Records drawn from a dataset
★ ★ ★ ★ ★

lemma powr_kernel_sq_le:
  fixes x y z s \<alpha> :: real
  assumes "1 \<le> x" "1 \<le> y" "0 \<le> z" "z \<le> x + y" "0 \<le> s + \<alpha>" "\<alpha> \<le> 1"
  shows "(z powr (s + \<alpha>) * x powr (-1 - s) * y powr (-1 - s))\<^sup>2
           \<le> 4 powr (s + \<alpha>) * (x powr (2 * \<alpha> - 4 - 2 * s) + y powr (2 * \<alpha> - 4 - 2 * s))"
proof -
  have four: "4 powr (s + \<alpha>) = 2 powr (2 * (s + \<alpha>))"
    using powr_powr[of 2 2 "s + \<alpha>"] by simp
  let ?e = "2 * \<alpha> - 4 - 2 * s"
  have sq: "(z powr (s + \<alpha>) * x powr (-1 - s) * y powr (-1 - s))\<^sup>2 \<le> 4 powr (s + \<alpha>) * x powr ?e"
    if "1 \<le> x" "x \<le> y" "z \<le> x + y" for x y
  proof -
    have "(z powr (s + \<alpha>) * x powr (-1 - s) * y powr (-1 - s))\<^sup>2
            \<le> (2 powr (s + \<alpha>) * x powr (\<alpha> - 2 - s))\<^sup>2"
      using powr_kernel_le[OF that(1,2) assms(3) that(3) assms(5,6)] by (intro power_mono) auto
    also have "\<dots> = 2 powr (2 * (s + \<alpha>)) * x powr (2 * (\<alpha> - 2 - s))"
      by (simp add: power_mult_distrib powr_square)
    also have "\<dots> = 4 powr (s + \<alpha>) * x powr ?e"
      by (subst four) (simp add: algebra_simps)
    finally show ?thesis .
  qed
  show ?thesis
  proof (cases "x \<le> y")
    case True
    then have "(z powr (s + \<alpha>) * x powr (-1 - s) * y powr (-1 - s))\<^sup>2 \<le> 4 powr (s + \<alpha>) * x powr ?e"
      using sq assms by simp
    also have "\<dots> \<le> 4 powr (s + \<alpha>) * (x powr ?e + y powr ?e)"
      by (intro mult_left_mono) simp_all
    finally show ?thesis .
  next
    case False
    have "(z powr (s + \<alpha>) * x powr (-1 - s) * y powr (-1 - s))\<^sup>2
            = (z powr (s + \<alpha>) * y powr (-1 - s) * x powr (-1 - s))\<^sup>2"
      by (simp add: ac_simps)
    also have "\<dots> \<le> 4 powr (s + \<alpha>) * y powr ?e"
      using False sq[of y x] assms by (simp add: add.commute)
    also have "\<dots> \<le> 4 powr (s + \<alpha>) * (x powr ?e + y powr ?e)"
      by (intro mult_left_mono) simp_all
    finally show ?thesis .
  qed
qed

★ ★ ★ ★ ★

Filter the entries and copy out every line with the word "four".

  have four: "4 powr (s + \<alpha>) = 2 powr (2 * (s + \<alpha>))"
      by (subst four) (simp add: algebra_simps)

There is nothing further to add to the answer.